7.  Ensure environmental sustainability

8.  Develop a global partnership for development

Dick commented that these goals, although arguably focusing on eight of the most important issues we face today on our planet, may qualify at being the world s best kept secret.   All 190 UN membership nations signed up to the goals.  Many people in our community have questioned and grown weary of our current Bush Administration s approach towards dealing with terrorism through military efforts.  The MDGs offer a different avenue towards safety and peace.  There is a direct link between poverty and instability as well as between feelings of hopelessness and violent acts.  Our US foreign policy efforts towards creating a more stable world, thus a safer world for Americans, would benefit from directing more attention and money towards the MLGs and less towards military strategies.

Dick spoke in some detail regarding Goal 7 on issues of Climate Change.  The MDGs did not directly address climate change in Goal 7 s ensure environmental sustainability this has evolved in recent years as evidence of global warming has become indisputable and the dangers more defined.  Its targets include to integrate the principles of sustainable development into country policies and programs and to reverse the loss of environmental resources, as well as to assist the most vulnerable nations and peoples in adapting to climate change.  It focuses on significantly reducing the risk of physical harm and displacement from extreme weather events.  Specific indicators being tracked to monitor progress.
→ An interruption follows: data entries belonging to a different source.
lemma est_value_close_prob_ge:
  fixes C :: "nat set \<Rightarrow> real"
  assumes i: "i \<in> ground n" and \<pi>: "0 < \<pi>" "\<pi> \<le> p i" "p i \<le> 1 - \<pi>"
    and C: "\<And>S. S \<subseteq> ground n \<Longrightarrow> C S \<in> {0..M}"
    and \<eta>: "0 < \<eta>" "\<eta> \<le> 1" and \<delta>: "0 < \<delta>"
    and m: "48 * ((M + 1)\<^sup>2 / (\<pi> * \<eta>))\<^sup>2 / \<delta> \<le> real m"
  shows "measure_pmf.prob (samples m (prod_dist n p))
      {X. \<bar>est_value C m X i - marg_value (prod_dist n p) C i\<bar> \<le> \<eta>} \<ge> 1 - \<delta>"
proof -
  define t where "t = \<pi> * \<eta> / (4 * (M + 1))"
  have M: "0 \<le> M" using C[of "{}"] by auto
  have "t \<le> \<pi> / 4"
    unfolding t_def using \<pi> \<eta> M by (intro frac_le) (auto simp: mult_left_le)
  moreover have "0 < t" unfolding t_def using \<pi> \<eta> M by simp
  ultimately have t: "0 < t" "t \<le> \<pi> / 2" using \<pi> by linarith+
  have "0 < 48 * ((M + 1)\<^sup>2 / (\<pi> * \<eta>))\<^sup>2 / \<delta>" using \<pi> \<eta> \<delta> M by simp
  with m have m_pos: "m > 0" by simp
  have "(M + 1)\<^sup>2 / (real m * t\<^sup>2) = 48 * ((M + 1)\<^sup>2 / (\<pi> * \<eta>))\<^sup>2 / (3 * real m)"
    unfolding t_def using \<pi> \<eta> M m_pos by (simp add: field_simps power2_eq_square)
  also have "\<dots> \<le> \<delta> / 3"
    using m m_pos \<delta> unfolding pos_divide_le_eq[OF \<delta>] by (simp add: divide_le_eq mult.commute)
  finally have "1 - \<delta> \<le> 1 - ((M + 1)\<^sup>2 / (real m * t\<^sup>2) + (M + 1)\<^sup>2 / (real m * t\<^sup>2)
      + (M + 1)\<^sup>2 / (real m * t\<^sup>2))" by linarith
  also have "\<dots> \<le> measure_pmf.prob (samples m (prod_dist n p))
      {X. \<bar>est_value C m X i - marg_value (prod_dist n p) C i\<bar> \<le> 4 * t * (M + 1) / \<pi>}"
    by (rule est_value_deviation_prob_ge[where p=p and C=C, OF i \<pi> C t m_pos])
  also have "4 * t * (M + 1) / \<pi> = \<eta>"
    unfolding t_def using \<pi>(1) M by (simp add: divide_simps)
  finally show ?thesis .
qed

lemma relative_or_absolute_error:
  fixes v w \<epsilon> x :: real
  assumes x: "x > 0" and \<epsilon>: "\<epsilon> > 0" and wv: "\<bar>w - v\<bar> \<le> min \<epsilon> 1 * min (1 / x) 1"
  shows "(v \<ge> 1 / x \<longrightarrow> (1 - \<epsilon>) * v \<le> w \<and> w \<le> (1 + \<epsilon>) * v) \<and>
         (\<bar>v\<bar> < 1 / x \<longrightarrow> \<bar>v - w\<bar> \<le> \<epsilon>) \<and>
         (v \<le> - 1 / x \<longrightarrow> (1 + \<epsilon>) * v \<le> w \<and> w \<le> (1 - \<epsilon>) * v)"
proof -
  have rel: "\<bar>w - v\<bar> \<le> \<epsilon> * (1 / x)" and abs: "\<bar>w - v\<bar> \<le> \<epsilon>"
    using order_trans[OF wv mult_mono[of "min \<epsilon> 1" \<epsilon> "min (1 / x) 1" "1 / x"]]
      order_trans[OF wv mult_mono[of "min \<epsilon> 1" \<epsilon> "min (1 / x) 1" 1]] x \<epsilon> by auto
  show ?thesis
  proof (intro conjI impI)
  show "\<bar>v - w\<bar> \<le> \<epsilon>" using abs by (simp add: abs_minus_commute)
  assume "v \<ge> 1 / x"
  then have "\<epsilon> * (1 / x) \<le> \<epsilon> * v" using \<epsilon> by (intro mult_left_mono) auto
  with rel show "(1 - \<epsilon>) * v \<le> w" "w \<le> (1 + \<epsilon>) * v" by (auto simp: algebra_simps abs_le_iff)
next
  assume "v \<le> - 1 / x"
  then have "\<epsilon> * (1 / x) \<le> \<epsilon> * (- v)" using \<epsilon> by (intro mult_left_mono) auto
  with rel show "(1 + \<epsilon>) * v \<le> w" "w \<le> (1 - \<epsilon>) * v" by (auto simp: algebra_simps abs_le_iff)
  qed
qed

lemma sample_size_le_poly:
  fixes a c \<delta> \<epsilon> :: real and n k l :: nat
  assumes a: "a > 0" and c: "c > 0" and n: "n \<ge> 1" and \<delta>: "\<delta> > 0" and \<epsilon>: "\<epsilon> > 0"
  shows "48 * ((a * real n ^ k + 1)\<^sup>2 * (a * real n ^ k) / (min \<epsilon> 1 * min (1 / (c * real n ^ l)) 1))\<^sup>2 / \<delta>
    \<le> 48 * (a + 1) ^ 6 * (c + 1)\<^sup>2 * (real n + 1 / \<delta> + 1 / \<epsilon>) ^ (6 * k + 2 * l + 3)"
proof -
  define R where "R = real n + 1 / \<delta> + 1 / \<epsilon>"
  define M where "M = a * real n ^ k"
  define x where "x = c * real n ^ l"
  define Y where "Y = (a + 1) * R ^ k"
  have "1 \<le> real n" "0 < 1 / \<delta>" "0 < 1 / \<epsilon>" using n \<delta> \<epsilon> by simp_all
  then have R: "1 \<le> R" "real n \<le> R" "1 / \<delta> \<le> R" "1 / \<epsilon> \<le> R"
    unfolding R_def by linarith+
  have nR: "real n ^ j \<le> R ^ j" and R1: "1 \<le> R ^ j" for j
    using R by (simp_all add: power_mono one_le_power)
  have "M \<le> a * R ^ k" unfolding M_def using a nR by (intro mult_left_mono) auto
  then have M: "0 \<le> M" "M + 1 \<le> Y"
    using a R1[of k] unfolding M_def Y_def distrib_right by (simp, linarith)
  have "x \<le> c * R ^ l" unfolding x_def using c nR by (intro mult_left_mono) auto
  moreover have "0 \<le> c * R ^ l" using c R1[of l] by simp
  ultimately have "max x 1 \<le> (c + 1) * R ^ l"
    using R1[of l] unfolding distrib_right by (intro max.boundedI) linarith+
  moreover have "0 < x" using c n unfolding x_def by simp
  ultimately have x: "0 < x" "max x 1 \<le> (c + 1) * R ^ l" by simp_all
  have "1 / (min \<epsilon> 1 * min (1 / x) 1) = max (1 / \<epsilon>) 1 * max x 1"
    using \<epsilon> x by (auto simp: min_def max_def)
  also have "\<dots> \<le> R * ((c + 1) * R ^ l)"
    using R x by (intro mult_mono) auto
  finally have inv_\<eta>: "1 / (min \<epsilon> 1 * min (1 / x) 1) \<le> R * ((c + 1) * R ^ l)" .
  have "(M + 1)\<^sup>2 * M \<le> Y\<^sup>2 * Y"
    using M by (intro mult_mono power_mono) auto
  then have "(M + 1)\<^sup>2 * M * (1 / (min \<epsilon> 1 * min (1 / x) 1)) \<le> Y\<^sup>2 * Y * (R * ((c + 1) * R ^ l))"
    using inv_\<eta> M \<epsilon> x by (intro mult_mono) auto
  then have "48 * ((M + 1)\<^sup>2 * M / (min \<epsilon> 1 * min (1 / x) 1))\<^sup>2 * (1 / \<delta>)
      \<le> 48 * (Y\<^sup>2 * Y * (R * ((c + 1) * R ^ l)))\<^sup>2 * R"
    using M \<epsilon> x R \<delta> by (intro mult_mono mult_left_mono power_mono) auto
  also have "\<dots> = 48 * (a + 1) ^ 6 * (c + 1)\<^sup>2 * R ^ (6 * k + 2 * l + 3)"
    unfolding Y_def by (simp add: power_mult_distrib power_add power_mult[symmetric] eval_nat_numeral mult_ac)
  finally show ?thesis unfolding R_def M_def x_def by simp
qed

theorem lemma11:
  fixes a c :: real and k l :: nat
  assumes "a > 0" and "c > 0"
  shows "\<exists>b::real. \<exists>r::nat. b > 0 \<and>
    (\<forall>(n::nat) (p::nat \<Rightarrow> real) (C::nat set \<Rightarrow> real) (i::nat) (\<delta>::real) (\<epsilon>::real) (m::nat).
       bounded_marginals a k n p \<longrightarrow> bounded_cost a k n C \<longrightarrow> i \<in> ground n \<longrightarrow>
       \<delta> > 0 \<longrightarrow> \<epsilon> > 0 \<longrightarrow> real m \<ge> b * (real n + 1 / \<delta> + 1 / \<epsilon>) ^ r \<longrightarrow>
       measure_pmf.prob (samples m (prod_dist n p))
         {X. let v = marg_value (prod_dist n p) C i; w = est_value C m X i in
               (v \<ge> 1 / (c * real n ^ l) \<longrightarrow> (1 - \<epsilon>) * v \<le> w \<and> w \<le> (1 + \<epsilon>) * v) \<and>
               (\<bar>v\<bar> < 1 / (c * real n ^ l) \<longrightarrow> \<bar>v - w\<bar> \<le> \<epsilon>) \<and>
               (v \<le> - 1 / (c * real n ^ l) \<longrightarrow> (1 + \<epsilon>) * v \<le> w \<and> w \<le> (1 - \<epsilon>) * v)}
         \<ge> 1 - \<delta>)"
proof (intro exI[of _ "48 * (a + 1) ^ 6 * (c + 1)\<^sup>2"] exI[of _ "6 * k + 2 * l + 3"]
    conjI allI impI, goal_cases)
  case 1
  show ?case using assms by simp
next
  case (2 n p C i \<delta> \<epsilon> m)
  define M where "M = a * real n ^ k"
  define \<eta> where "\<eta> = min \<epsilon> 1 * min (1 / (c * real n ^ l)) 1"
  have n: "n \<ge> 1" using 2(3) by simp
  have M: "M > 0" and cn: "c * real n ^ l > 0" using assms n unfolding M_def by simp_all
  have \<eta>: "0 < \<eta>" "\<eta> \<le> 1" using 2(5) cn unfolding \<eta>_def by (auto intro: mult_le_one)
  have "48 * ((M + 1)\<^sup>2 / (1 / M * \<eta>))\<^sup>2 / \<delta> = 48 * ((M + 1)\<^sup>2 * M / \<eta>)\<^sup>2 / \<delta>"
    by simp
  also have "\<dots> \<le> 48 * (a + 1) ^ 6 * (c + 1)\<^sup>2 * (real n + 1 / \<delta> + 1 / \<epsilon>) ^ (6 * k + 2 * l + 3)"
    unfolding M_def \<eta>_def by (rule sample_size_le_poly[OF assms n 2(4,5)])
  finally have "48 * ((M + 1)\<^sup>2 / (1 / M * \<eta>))\<^sup>2 / \<delta> \<le> real m" using 2(6) by linarith
  then have "1 - \<delta> \<le> measure_pmf.prob (samples m (prod_dist n p))
      {X. \<bar>est_value C m X i - marg_value (prod_dist n p) C i\<bar> \<le> \<eta>}"
    using 2(1-4) \<eta> M unfolding bounded_marginals_def bounded_cost_def M_def
    by (intro est_value_close_prob_ge[where \<pi> = "1 / M" and M = M]) (auto simp: M_def)
  also have "\<dots> \<le> measure_pmf.prob (samples m (prod_dist n p)) {X. let v = marg_value (prod_dist n p) C i;
        w = est_value C m X i in
          (v \<ge> 1 / (c * real n ^ l) \<longrightarrow> (1 - \<epsilon>) * v \<le> w \<and> w \<le> (1 + \<epsilon>) * v) \<and>
          (\<bar>v\<bar> < 1 / (c * real n ^ l) \<longrightarrow> \<bar>v - w\<bar> \<le> \<epsilon>) \<and>
          (v \<le> - 1 / (c * real n ^ l) \<longrightarrow> (1 + \<epsilon>) * v \<le> w \<and> w \<le> (1 - \<epsilon>) * v)}"
    using relative_or_absolute_error[OF cn 2(5)] unfolding \<eta>_def Let_def
    by (intro measure_pmf.finite_measure_mono) auto
  finally show ?case .
qed

end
To engage us in discussion, Dick put forth some climate change questions, including where we stand regarding emissions and global temperature increase, greenhouse emissions already in the atmosphere and future forecasts, the affect on sea levels, impact on the well-being of populations, impediments to curtailing emissions, adaptation will nations need to make, what will it cost, and who should pay for it.  Dick then showed us multiple charts indicating the rise in global temperatures, the rise in atmosphere CO2 concentration and the rise in CO2 emissions from human activity over time.

Dick then listed some of the many dilemmas we face in climate change mitigation.  This included the economic rise of China and India and their need for energy, as well as their use of their abundant coal reserves (I.E., a very high CO2 energy source).  This is true also in other developing countries.  These countries are striving to improve their own quality of life, trying to match our lifestyles here in the US, which are high in resource consumption as well in CO2 emissions. 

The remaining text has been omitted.